Every line in the data below that includes "noteq" belongs in the answer, copied as it stands.

> _Data shown_
^^^^^^^^

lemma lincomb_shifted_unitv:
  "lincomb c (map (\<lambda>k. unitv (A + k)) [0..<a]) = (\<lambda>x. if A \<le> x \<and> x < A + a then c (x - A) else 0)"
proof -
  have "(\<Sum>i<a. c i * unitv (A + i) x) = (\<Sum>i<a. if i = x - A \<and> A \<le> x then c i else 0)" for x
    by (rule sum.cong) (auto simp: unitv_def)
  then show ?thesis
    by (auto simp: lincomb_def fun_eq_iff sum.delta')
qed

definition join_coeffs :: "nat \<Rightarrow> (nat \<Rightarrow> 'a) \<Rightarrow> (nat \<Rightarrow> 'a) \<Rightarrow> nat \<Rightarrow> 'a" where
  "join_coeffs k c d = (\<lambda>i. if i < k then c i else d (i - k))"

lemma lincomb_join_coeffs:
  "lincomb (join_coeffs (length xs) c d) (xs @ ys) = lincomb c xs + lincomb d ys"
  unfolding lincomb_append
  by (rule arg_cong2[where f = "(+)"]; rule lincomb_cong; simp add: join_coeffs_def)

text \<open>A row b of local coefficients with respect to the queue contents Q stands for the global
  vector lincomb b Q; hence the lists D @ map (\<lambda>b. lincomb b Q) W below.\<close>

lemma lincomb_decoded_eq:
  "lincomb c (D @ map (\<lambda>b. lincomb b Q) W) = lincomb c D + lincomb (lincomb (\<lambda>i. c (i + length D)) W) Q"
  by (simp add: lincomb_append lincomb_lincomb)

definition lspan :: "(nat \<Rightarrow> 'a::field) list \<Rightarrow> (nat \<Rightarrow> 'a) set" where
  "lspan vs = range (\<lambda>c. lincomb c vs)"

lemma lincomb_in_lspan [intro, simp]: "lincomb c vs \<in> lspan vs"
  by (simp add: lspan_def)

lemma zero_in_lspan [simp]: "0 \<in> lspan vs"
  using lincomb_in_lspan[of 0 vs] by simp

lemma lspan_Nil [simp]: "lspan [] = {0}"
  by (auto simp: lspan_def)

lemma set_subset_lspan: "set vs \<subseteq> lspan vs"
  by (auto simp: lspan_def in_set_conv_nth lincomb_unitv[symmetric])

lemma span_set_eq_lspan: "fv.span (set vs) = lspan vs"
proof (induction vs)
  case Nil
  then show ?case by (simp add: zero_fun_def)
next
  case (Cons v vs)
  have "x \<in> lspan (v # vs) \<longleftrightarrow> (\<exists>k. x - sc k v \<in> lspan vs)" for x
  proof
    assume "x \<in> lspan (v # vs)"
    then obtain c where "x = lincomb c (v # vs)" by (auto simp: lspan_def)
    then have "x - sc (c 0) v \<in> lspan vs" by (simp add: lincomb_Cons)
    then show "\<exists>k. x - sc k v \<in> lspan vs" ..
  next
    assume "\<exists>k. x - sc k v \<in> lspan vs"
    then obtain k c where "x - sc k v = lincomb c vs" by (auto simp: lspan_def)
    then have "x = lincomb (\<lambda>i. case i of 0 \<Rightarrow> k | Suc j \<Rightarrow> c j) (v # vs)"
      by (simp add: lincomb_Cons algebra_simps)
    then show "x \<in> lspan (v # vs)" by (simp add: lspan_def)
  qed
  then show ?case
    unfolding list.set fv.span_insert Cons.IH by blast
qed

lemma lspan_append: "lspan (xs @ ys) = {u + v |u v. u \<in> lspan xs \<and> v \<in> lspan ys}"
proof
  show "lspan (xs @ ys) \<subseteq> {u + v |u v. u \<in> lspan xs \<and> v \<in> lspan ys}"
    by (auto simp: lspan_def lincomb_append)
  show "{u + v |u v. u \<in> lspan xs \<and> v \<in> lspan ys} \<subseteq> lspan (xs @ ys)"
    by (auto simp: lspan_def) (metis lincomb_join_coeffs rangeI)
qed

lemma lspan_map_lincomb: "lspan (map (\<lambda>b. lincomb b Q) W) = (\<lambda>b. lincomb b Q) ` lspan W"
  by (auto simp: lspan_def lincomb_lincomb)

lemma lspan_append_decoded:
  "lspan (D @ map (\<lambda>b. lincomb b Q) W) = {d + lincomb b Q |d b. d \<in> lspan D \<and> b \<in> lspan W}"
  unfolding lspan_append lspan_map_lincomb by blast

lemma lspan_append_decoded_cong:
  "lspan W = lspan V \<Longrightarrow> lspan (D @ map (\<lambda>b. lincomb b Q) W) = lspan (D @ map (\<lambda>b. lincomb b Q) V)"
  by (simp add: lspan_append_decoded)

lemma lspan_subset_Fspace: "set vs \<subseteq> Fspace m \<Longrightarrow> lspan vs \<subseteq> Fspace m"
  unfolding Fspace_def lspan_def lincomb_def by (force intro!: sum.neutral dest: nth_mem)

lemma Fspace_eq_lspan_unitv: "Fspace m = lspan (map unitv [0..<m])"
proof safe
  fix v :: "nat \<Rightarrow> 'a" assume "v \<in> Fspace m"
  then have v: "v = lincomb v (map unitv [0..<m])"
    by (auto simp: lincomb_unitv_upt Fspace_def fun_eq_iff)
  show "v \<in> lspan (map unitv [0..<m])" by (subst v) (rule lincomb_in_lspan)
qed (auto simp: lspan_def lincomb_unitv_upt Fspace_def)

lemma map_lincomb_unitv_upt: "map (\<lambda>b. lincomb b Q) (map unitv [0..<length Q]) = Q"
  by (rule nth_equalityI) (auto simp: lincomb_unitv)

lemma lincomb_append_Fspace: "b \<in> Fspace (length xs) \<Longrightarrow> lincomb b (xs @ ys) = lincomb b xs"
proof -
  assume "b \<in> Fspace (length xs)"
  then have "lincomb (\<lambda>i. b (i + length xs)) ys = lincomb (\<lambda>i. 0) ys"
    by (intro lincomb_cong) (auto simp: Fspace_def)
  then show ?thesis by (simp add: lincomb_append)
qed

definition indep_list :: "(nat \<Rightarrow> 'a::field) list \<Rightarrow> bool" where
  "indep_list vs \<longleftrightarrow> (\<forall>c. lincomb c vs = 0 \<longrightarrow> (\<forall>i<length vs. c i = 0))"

^^^^^^^^

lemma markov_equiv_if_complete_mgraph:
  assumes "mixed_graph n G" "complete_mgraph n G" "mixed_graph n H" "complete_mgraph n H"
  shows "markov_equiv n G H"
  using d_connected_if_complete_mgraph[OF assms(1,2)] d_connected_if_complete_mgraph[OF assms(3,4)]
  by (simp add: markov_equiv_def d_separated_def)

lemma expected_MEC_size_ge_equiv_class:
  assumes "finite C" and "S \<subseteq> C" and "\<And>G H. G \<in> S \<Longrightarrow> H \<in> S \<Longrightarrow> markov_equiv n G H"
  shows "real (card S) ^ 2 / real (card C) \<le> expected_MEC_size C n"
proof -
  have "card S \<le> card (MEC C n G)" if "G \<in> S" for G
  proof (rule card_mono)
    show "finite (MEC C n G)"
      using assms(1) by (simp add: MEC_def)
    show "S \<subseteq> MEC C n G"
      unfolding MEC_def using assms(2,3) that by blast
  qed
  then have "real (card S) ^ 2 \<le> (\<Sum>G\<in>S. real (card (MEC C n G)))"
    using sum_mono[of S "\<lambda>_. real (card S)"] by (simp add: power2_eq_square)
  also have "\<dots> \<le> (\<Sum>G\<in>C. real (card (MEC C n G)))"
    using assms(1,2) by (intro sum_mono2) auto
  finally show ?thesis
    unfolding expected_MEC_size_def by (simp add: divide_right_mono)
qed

^^^^^^^^

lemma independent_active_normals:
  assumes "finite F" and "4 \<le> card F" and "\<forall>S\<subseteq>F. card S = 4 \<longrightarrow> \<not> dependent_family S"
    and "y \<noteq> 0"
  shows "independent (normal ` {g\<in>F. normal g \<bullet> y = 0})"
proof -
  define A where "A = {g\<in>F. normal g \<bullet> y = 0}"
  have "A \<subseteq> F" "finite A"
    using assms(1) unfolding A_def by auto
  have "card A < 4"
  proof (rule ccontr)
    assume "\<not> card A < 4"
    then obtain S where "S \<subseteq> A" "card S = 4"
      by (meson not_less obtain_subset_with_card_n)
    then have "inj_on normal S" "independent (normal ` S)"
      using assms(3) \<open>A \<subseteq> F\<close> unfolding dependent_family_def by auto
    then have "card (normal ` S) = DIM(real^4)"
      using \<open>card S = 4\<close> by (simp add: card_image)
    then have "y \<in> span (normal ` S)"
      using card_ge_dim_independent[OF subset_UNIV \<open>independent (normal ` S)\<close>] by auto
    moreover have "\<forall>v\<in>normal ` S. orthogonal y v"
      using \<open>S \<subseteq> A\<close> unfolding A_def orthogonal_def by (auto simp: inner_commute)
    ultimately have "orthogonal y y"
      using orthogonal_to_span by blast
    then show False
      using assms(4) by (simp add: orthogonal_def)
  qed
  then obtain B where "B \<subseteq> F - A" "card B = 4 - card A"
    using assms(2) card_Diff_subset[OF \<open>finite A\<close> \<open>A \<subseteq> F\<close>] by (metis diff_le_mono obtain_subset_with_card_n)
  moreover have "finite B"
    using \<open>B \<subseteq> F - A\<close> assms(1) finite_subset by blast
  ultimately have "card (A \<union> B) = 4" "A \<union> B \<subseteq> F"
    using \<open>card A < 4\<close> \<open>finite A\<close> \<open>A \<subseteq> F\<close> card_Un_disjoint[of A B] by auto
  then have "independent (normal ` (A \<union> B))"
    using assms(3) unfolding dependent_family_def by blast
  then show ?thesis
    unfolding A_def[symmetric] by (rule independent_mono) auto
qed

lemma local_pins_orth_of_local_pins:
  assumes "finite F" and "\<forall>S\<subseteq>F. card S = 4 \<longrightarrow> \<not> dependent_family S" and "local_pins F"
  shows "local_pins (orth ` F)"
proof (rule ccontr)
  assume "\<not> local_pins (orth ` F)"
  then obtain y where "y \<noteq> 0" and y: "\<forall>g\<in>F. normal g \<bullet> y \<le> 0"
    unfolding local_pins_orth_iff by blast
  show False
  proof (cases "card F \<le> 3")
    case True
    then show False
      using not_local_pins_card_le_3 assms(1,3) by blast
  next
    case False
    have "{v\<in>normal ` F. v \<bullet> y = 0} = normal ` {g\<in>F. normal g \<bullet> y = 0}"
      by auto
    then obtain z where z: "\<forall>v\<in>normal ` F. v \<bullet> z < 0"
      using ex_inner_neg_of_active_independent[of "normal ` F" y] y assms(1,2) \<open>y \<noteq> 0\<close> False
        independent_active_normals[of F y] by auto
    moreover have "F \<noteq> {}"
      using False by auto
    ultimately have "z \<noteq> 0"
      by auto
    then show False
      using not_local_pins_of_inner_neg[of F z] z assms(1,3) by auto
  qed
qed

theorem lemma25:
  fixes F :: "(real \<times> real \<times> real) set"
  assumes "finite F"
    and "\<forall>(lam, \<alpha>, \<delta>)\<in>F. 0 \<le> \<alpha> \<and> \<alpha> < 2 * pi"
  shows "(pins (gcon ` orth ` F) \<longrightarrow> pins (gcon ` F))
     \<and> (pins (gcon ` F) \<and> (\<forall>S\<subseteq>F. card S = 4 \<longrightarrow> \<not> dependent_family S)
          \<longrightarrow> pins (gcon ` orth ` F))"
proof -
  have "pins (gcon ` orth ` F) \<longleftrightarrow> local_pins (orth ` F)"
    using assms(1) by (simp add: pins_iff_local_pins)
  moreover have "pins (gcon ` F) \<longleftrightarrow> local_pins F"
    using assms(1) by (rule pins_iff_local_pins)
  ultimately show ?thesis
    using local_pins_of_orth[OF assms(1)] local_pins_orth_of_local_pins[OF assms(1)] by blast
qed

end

^^^^^^^^

> _Answer section_
    and "y \<noteq> 0"
  then obtain y where "y \<noteq> 0" and y: "\<forall>g\<in>F. normal g \<bullet> y \<le> 0"
      using ex_inner_neg_of_active_independent[of "normal ` F" y] y assms(1,2) \<open>y \<noteq> 0\<close> False
    moreover have "F \<noteq> {}"
    ultimately have "z \<noteq> 0"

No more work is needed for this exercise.